Over the last couple of years we’ve heard the term rural/ rural divide used to describe the different broadband availability rates between areas served by rate of return and price cap carriers. (People in areas served by rate of return carriers are more likely to have broadband than those in price cap territories.)
But as a report issued this week from the National Telecommunications and Information Administration (NTIA) and the Commerce Department’s Economics and Statistics Administration (ESA) illustrates, there’s also another type of rural/ rural divide. As a blog post written by NTIA and ESA officials notes rural areas can be either within metropolitan areas (exurbs) or outside metro areas. The officials call the latter “very rural areas.”
And while exurbs and very rural areas each represent about 9% of the U.S. population, there is a wide gap in broadband availability between these two types of areas. The NTIA/ESA research shows that in 2011, 76% of exurb residents had access to broadband at speeds of at least 3 Mbps downstream and 768 kbps upstream. But only 65% of residents in very rural areas could say the same.

The gap is even wider at higher data rates – with 38% of exurban residents having access to 25 Mbps downstream broadband, compared with 18% of very rural residents.
“The closer a community lies to a central city, the more likely it is to have broadband at higher speeds,” the blog post notes. “This is significant because some lower-density communities are located closer to the central city of a metropolitan area and have more access to faster broadband speeds than higher-density communities that are more distant from a central city.”
The NTIA and ESA officials suggest that the report’s exploration of broadband adoption rates may help policy makers, community leaders and industry officials to “better understand future broadband infrastructure investments.”
This is the second report released by the NTIA in the last month that analyzed broadband deployment data in a highly granular manner.

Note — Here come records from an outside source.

(* For every $x\in\Pi[N]$ and every $k\in\mathbb Z$, $$x[k]=\frac12\sum_{\mu=0}^{1}\sum_{l=0}^{N/2-1}\Big(y^{\mu}[l]\,\psi_{[1],\mu}[k-2l]+c^{\mu}[l]\,\varphi_{[1],\mu}[k-2l]\Big),$$ where $y^{\mu}[l]=\langle x,\psi_{[1],\mu}[\cdot-2l]\rangle$ and $c^{\mu}[l]=\langle x,\varphi_{[1],\mu}[\cdot-2l]\rangle$. Consequently the system $\{\psi_{[1],\mu}[\cdot-2l]\}\cup\{\varphi_{[1],\mu}[\cdot-2l]\}$ ($\mu\in\{0,1\}$, $0\le l<N/2$) is a tight frame of $\Pi[N]$ with frame bound $2$.
   Context: Let $N=2^{J}$ with $J\ge 1$ an integer and $\omega=e^{2\pi i/N}$. $\Pi[N]$ denotes the real vector space of real-valued $N$-periodic sequences $x=\{x[k]\}_{k\in\mathbb Z}$, with inner product $\langle x,y\rangle=\sum_{k=0}^{N-1}x[k]y[k]$. The DFT of an $N$-periodic sequence is $\hat x[n]=\sum_{k=0}^{N-1}x[k]\omega^{-kn}$, with inverse $x[k]=\frac1N\sum_{n=0}^{N-1}\hat x[n]\omega^{kn}$. Fix an integer $r\ge1$; let $U[n]=\tfrac12\big(\cos^{4r}\tfrac{\pi n}{N}+\sin^{4r}\tfrac{\pi n}{N}\big)$, $\beta[n]=\cos^{2r}\tfrac{\pi n}{N}/\sqrt{U[n]}$, $\alpha[n]=\omega^{n}\sin^{2r}\tfrac{\pi n}{N}/\sqrt{U[n]}$. The first-level wavelet packets $\psi_{[1],0},\psi_{[1],1}\in\Pi[N]$ have DFTs $\hat\psi_{[1],0}=\beta$, $\hat\psi_{[1],1}=\alpha$. Known fact (may be assumed): $\{\psi_{[1],\mu}[\cdot-2l]:\mu\in\{0,1\},\,0\le l<N/2\}$ is an orthonormal basis of $\Pi[N]$. The complementary wavelet packets $\varphi_{[1],\mu}\in\Pi[N]$ have DFT $\hat\varphi_{[1],\mu}[n]=-i\hat\psi_{[1],\mu}[n]$ for $0<n<N/2$, $=i\hat\psi_{[1],\mu}[n]$ for $N/2<n<N$, and $=\hat\psi_{[1],\mu}[n]$ for $n\in\{0,N/2\}$ (indices mod $N$). *)

theory Defs
  imports "HOL-Analysis.Analysis"
begin

definition PiN :: "nat \<Rightarrow> (int \<Rightarrow> real) set" where
  "PiN N = {x. \<forall>k. x (k + int N) = x k}"

definition ip :: "nat \<Rightarrow> (int \<Rightarrow> real) \<Rightarrow> (int \<Rightarrow> real) \<Rightarrow> real" where
  "ip N x y = (\<Sum>k\<in>{0..<int N}. x k * y k)"

definition omega :: "nat \<Rightarrow> complex" where
  "omega N = cis (2 * pi / real N)"

definition idft :: "nat \<Rightarrow> (int \<Rightarrow> complex) \<Rightarrow> int \<Rightarrow> complex" where
  "idft N X k = (1 / of_nat N) * (\<Sum>n\<in>{0..<int N}. X n * omega N powi (k * n))"

definition Ufun :: "nat \<Rightarrow> nat \<Rightarrow> int \<Rightarrow> real" where
  "Ufun r N n = (1/2) * (cos (pi * real_of_int n / real N) ^ (4*r)
                       + sin (pi * real_of_int n / real N) ^ (4*r))"

definition betaf :: "nat \<Rightarrow> nat \<Rightarrow> int \<Rightarrow> complex" where
  "betaf r N n = complex_of_real (cos (pi * real_of_int n / real N) ^ (2*r) / sqrt (Ufun r N n))"

definition alphaf :: "nat \<Rightarrow> nat \<Rightarrow> int \<Rightarrow> complex" where
  "alphaf r N n = omega N powi n *
     complex_of_real (sin (pi * real_of_int n / real N) ^ (2*r) / sqrt (Ufun r N n))"

definition psi_hat :: "nat \<Rightarrow> nat \<Rightarrow> nat \<Rightarrow> int \<Rightarrow> complex" where
  "psi_hat r N \<mu> = (if \<mu> = 0 then betaf r N else alphaf r N)"

definition phi_hat :: "nat \<Rightarrow> nat \<Rightarrow> nat \<Rightarrow> int \<Rightarrow> complex" where
  "phi_hat r N \<mu> n =
     (let m = n mod int N in
      if 0 < m \<and> 2 * m < int N then - \<i> * psi_hat r N \<mu> n
      else if int N < 2 * m then \<i> * psi_hat r N \<mu> n
      else psi_hat r N \<mu> n)"

text \<open>The packets are real-valued sequences; we take the real part of the inverse DFT
  (the inverse DFT is real by the conjugate symmetry of the DFTs).\<close>
definition psi1 :: "nat \<Rightarrow> nat \<Rightarrow> nat \<Rightarrow> int \<Rightarrow> real" where
  "psi1 r N \<mu> k = Re (idft N (psi_hat r N \<mu>) k)"

definition phi1 :: "nat \<Rightarrow> nat \<Rightarrow> nat \<Rightarrow> int \<Rightarrow> real" where
  "phi1 r N \<mu> k = Re (idft N (phi_hat r N \<mu>) k)"

definition shift2 :: "(int \<Rightarrow> real) \<Rightarrow> int \<Rightarrow> int \<Rightarrow> real" where
  "shift2 f l = (\<lambda>k. f (k - 2 * l))"

end

theory Submission
  imports Defs "HOL-Library.Real_Mod"
begin

(* For real sequences g_mu = Re (idft X_mu) the kernel sum_mu sum_l g_mu(j - 2l) g_mu(k - 2l)
   is computed on the DFT side: summing over the even shifts aliases frequency n with n + N/2,
   so the kernel is the N-periodic delta at j - k as soon as
     sum_mu |X_mu(n)|^2 = 2   and   sum_mu X_mu(n) cnj(X_mu(n + N/2)) = 0.
   A reproducing kernel gives the expansion of every periodic x and, pairing with x, Parseval's
   identity. For beta, alpha the first condition is cos^4r + sin^4r = 2U; the half-period shift
   swaps cos and sin while omega^n changes sign, which gives the second. The complementary
   packets multiply the DFTs by a unimodular Hermitian symbol, which preserves both conditions.
   Averaging the two expansions yields the tight frame with bound 2. *)

definition unit_root :: "nat \<Rightarrow> int \<Rightarrow> complex" where
  "unit_root N a = cis (2 * pi * of_int a / real N)"

lemma omega_powi_eq_unit_root: "omega N powi a = unit_root N a"
  unfolding omega_def unit_root_def cis_power_int by (simp add: field_simps)

lemma unit_root_add: "unit_root N (a + b) = unit_root N a * unit_root N b"
  unfolding unit_root_def cis_mult by (simp add: add_divide_distrib distrib_left)

lemma cnj_unit_root: "cnj (unit_root N a) = unit_root N (- a)"
  unfolding unit_root_def cis_cnj by simp

lemma unit_root_mult_cnj [simp]: "unit_root N a * cnj (unit_root N a) = 1"
  unfolding unit_root_def cis_cnj cis_mult by simp

lemma unit_root_eq_1_iff:
  assumes "N > 0"
  shows "unit_root N a = 1 \<longleftrightarrow> int N dvd a"
proof
  assume "unit_root N a = 1"
  then obtain n where "2 * pi * of_int a / real N = of_int n * (2 * pi)"
    unfolding unit_root_def cis_eq_1_iff by blast
  hence "real_of_int a = real_of_int (n * int N)" using assms by (simp add: field_simps)
  thus "int N dvd a" by (simp only: of_int_eq_iff) simp
next
  assume "int N dvd a"
  then obtain q where "a = int N * q" by blast
  hence "2 * pi * of_int a / real N = 2 * pi * of_int q" using assms by simp
  thus "unit_root N a = 1" unfolding unit_root_def by simp
qed

lemma unit_root_period: "N > 0 \<Longrightarrow> unit_root N (a + b * int N) = unit_root N a"
  using unit_root_eq_1_iff[of N "b * int N"] by (simp add: unit_root_add)

lemma unit_root_double: "M > 0 \<Longrightarrow> unit_root (2 * M) (2 * a) = unit_root M a"
  unfolding unit_root_def by (simp add: field_simps)

lemma unit_root_half: "M > 0 \<Longrightarrow> unit_root (2 * M) (int M) = -1"
  unfolding unit_root_def by simp

lemma sum_unit_root:
  assumes "K > 0"
  shows "(\<Sum>l\<in>{0..<int K}. unit_root K (l * d)) = (if int K dvd d then of_nat K else 0)"
proof -
  define w where "w = unit_root K d"
  have "{0..<int K} = int ` {..<K}"
    using image_int_atLeastLessThan[of 0 K] by (simp add: atLeast0LessThan)
  hence "(\<Sum>l\<in>{0..<int K}. unit_root K (l * d)) = (\<Sum>i<K. unit_root K (int i * d))"
    by (simp add: sum.reindex)
  also have "\<dots> = (\<Sum>i<K. w ^ i)"
  proof (intro sum.cong refl)
    fix i
    show "unit_root K (int i * d) = w ^ i"
      unfolding w_def unit_root_def Complex.DeMoivre by (simp add: field_simps)
  qed
  finally have sum_eq: "(\<Sum>l\<in>{0..<int K}. unit_root K (l * d)) = (\<Sum>i<K. w ^ i)" .
  have "w ^ K = 1"
    using assms unfolding w_def unit_root_def Complex.DeMoivre by simp
  moreover have "w = 1 \<longleftrightarrow> int K dvd d"
    unfolding w_def by (rule unit_root_eq_1_iff[OF assms])
  ultimately show ?thesis
    using sum_eq geometric_sum[of w K] by auto
qed

definition periodic :: "nat \<Rightarrow> (int \<Rightarrow> 'a) \<Rightarrow> bool" where
  "periodic N F \<longleftrightarrow> (\<forall>k. F (k + int N) = F k)"

lemma periodic_add_mult:
  assumes "periodic N F"
  shows "F (k + b * int N) = F k"
proof (induct b rule: int_induct[where k = 0])
  case (step1 i)
  then show ?case
    using assms unfolding periodic_def by (metis add.assoc distrib_right mult_1)
next
  case (step2 i)
  then show ?case
    using assms unfolding periodic_def by (metis add.assoc diff_add_cancel distrib_right mult_1)
qed simp

lemma periodic_mod: "periodic N F \<Longrightarrow> F (k mod int N) = F k"
  using periodic_add_mult[of N F "k mod int N" "k div int N"] by (simp only: mod_div_mult_eq)

lemma periodic_unit_root_mult:
  "N > 0 \<Longrightarrow> periodic N (\<lambda>n. unit_root N (k * n))"
  unfolding periodic_def using unit_root_period[of N] by (simp add: distrib_left mult.commute)

lemma sum_periodic_shift:
  assumes "periodic N F" "N > 0"
  shows "(\<Sum>t\<in>{0..<int N}. F (t + a)) = (\<Sum>m\<in>{0..<int N}. F m)"
proof (rule sum.reindex_bij_witness[where j = "\<lambda>t. (t + a) mod int N" and i = "\<lambda>m. (m - a) mod int N"])
  fix t assume "t \<in> {0..<int N}"
  have "((t + a) mod int N - a) mod int N = (t + a - a) mod int N" by (rule mod_diff_left_eq)
  with \<open>t \<in> {0..<int N}\<close> show "((t + a) mod int N - a) mod int N = t" by simp
  show "F ((t + a) mod int N) = F (t + a)" using periodic_mod[OF assms(1)] by simp
next
  fix m assume "m \<in> {0..<int N}"
  then show "((m - a) mod int N + a) mod int N = m" by (simp add: mod_add_left_eq)
qed (use assms in simp_all)
(* Let $\mathcal A=\{a_1,\dots,a_m\}\subseteq(\mathbb Z^d)^*$ be vectors such that there exist $\lambda_1,\dots,\lambda_m\ge0$, not all $0$, with $\sum_i\lambda_ia_i=0$, let $A$ be the $m\times d$ matrix with rows $a_1,\dots,a_m$, let $\mathbf 1\in\mathbb R^m$ be the all-ones vector, and let $\varepsilon>0$. Then the set \[ \{c\in\mathbb R\mid 0<c\le\varepsilon^{-1}\text{ and } Ax+c\mathbf 1\in\mathbb Z^m\text{ for some }x\in\mathbb R^d\} \] is finite. Moreover, if $P$ is a $d$-dimensional lattice polytope with core normals $a_1,\dots,a_m$ and $c=\operatorname{qcd}(P)^{-1}$, then there is a rational $y$ with $Ay+c\mathbf 1\in\mathbb Z^m$.
   Context: A $d$-dimensional lattice polytope is written $P=\{x\in\mathbb R^d\mid \langle a_i,x\rangle\le b_i,\ 1\le i\le n\}$ with an irredundant system, primitive $a_i\in(\mathbb Z^d)^*$ and (since $P$ is a lattice polytope) integers $b_i$. For rational $c>0$, $P^{(c)}=\{x\mid \langle a_i,x\rangle\le b_i-c\ \forall i\}$; $\operatorname{qcd}(P)^{-1}=\max\{c>0\mid P^{(c)}\ne\emptyset\}$; with $c_0=\operatorname{qcd}(P)^{-1}$, $\operatorname{core}P=P^{(c_0)}$, and the core normals are those $a_i$ with $\langle a_i,y\rangle=b_i-c_0$ for all $y\in\operatorname{core}P$. *)

theory Defs
  imports "HOL-Analysis.Analysis"
begin

text \<open>Integral vectors (elements of the lattice Z^d, or of its dual identified with Z^d
  via the standard inner product).\<close>
definition integral_vec :: "real^'d \<Rightarrow> bool" where
  "integral_vec v \<longleftrightarrow> (\<forall>j. v $ j \<in> \<int>)"

definition rational_vec :: "real^'d \<Rightarrow> bool" where
  "rational_vec v \<longleftrightarrow> (\<forall>j. v $ j \<in> \<rat>)"

definition primitive_vec :: "real^'d \<Rightarrow> bool" where
  "primitive_vec v \<longleftrightarrow> integral_vec v \<and> v \<noteq> 0 \<and>
     (\<forall>k::int. k \<ge> 2 \<longrightarrow> \<not> integral_vec ((1 / real_of_int k) *\<^sub>R v))"

definition polyh :: "nat \<Rightarrow> (nat \<Rightarrow> real^'d) \<Rightarrow> (nat \<Rightarrow> real) \<Rightarrow> (real^'d) set" where
  "polyh n a b = {x. \<forall>i<n. a i \<bullet> x \<le> b i}"

definition irredundant :: "nat \<Rightarrow> (nat \<Rightarrow> real^'d) \<Rightarrow> (nat \<Rightarrow> real) \<Rightarrow> bool" where
  "irredundant n a b \<longleftrightarrow>
     (\<forall>i<n. {x. \<forall>k<n. k \<noteq> i \<longrightarrow> a k \<bullet> x \<le> b k} \<noteq> polyh n a b)"

definition lattice_polytope :: "(real^'d) set \<Rightarrow> bool" where
  "lattice_polytope P \<longleftrightarrow> (\<exists>S. finite S \<and> (\<forall>v\<in>S. integral_vec v) \<and> P = convex hull S)"

definition shrunk :: "nat \<Rightarrow> (nat \<Rightarrow> real^'d) \<Rightarrow> (nat \<Rightarrow> real) \<Rightarrow> real \<Rightarrow> (real^'d) set" where
  "shrunk n a b c = {x. \<forall>i<n. a i \<bullet> x \<le> b i - c}"

definition qcd_inv :: "nat \<Rightarrow> (nat \<Rightarrow> real^'d) \<Rightarrow> (nat \<Rightarrow> real) \<Rightarrow> real" where
  "qcd_inv n a b = (GREATEST c. c > 0 \<and> shrunk n a b c \<noteq> {})"

definition core :: "nat \<Rightarrow> (nat \<Rightarrow> real^'d) \<Rightarrow> (nat \<Rightarrow> real) \<Rightarrow> (real^'d) set" where
  "core n a b = shrunk n a b (qcd_inv n a b)"

definition core_normal_idx :: "nat \<Rightarrow> (nat \<Rightarrow> real^'d) \<Rightarrow> (nat \<Rightarrow> real) \<Rightarrow> nat set" where
  "core_normal_idx n a b =
     {i. i < n \<and> (\<forall>y\<in>core n a b. a i \<bullet> y = b i - qcd_inv n a b)}"

end

theory Submission
  imports Defs
begin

In mid-May the agency released a report that looked at broadband availability by technology, by state, by county and by various combinations of these factors.
Is this data really a surprise? Just take transport costs to get gigabit speeds to very rural areas into consideration and it should be obvious. It is much easier to provide higher speeds when you are closer to tier 1 POP sites.
Once the transition from copper to fiber takes place from border-to-border and coast-to-coast, speed won't be the issue. I would love to see the application developers get after the fiber broadband at the home or business to develop at least at 50% of the effectiveness of the mobile world. I would reward those companies making the transition (urban and rural) while opening up those areas without fiber to those companies adjacent to and willing to provide an upgrade. If your community is served by one of the multi-nationals with no plans for upgrade, the regulators should reissue the area's franchise to an adjacent company willing to go the extra mile. The big companies have had ample time and funding to at least make an effort to upgrade smaller communities, but the focus has always been on the metro areas.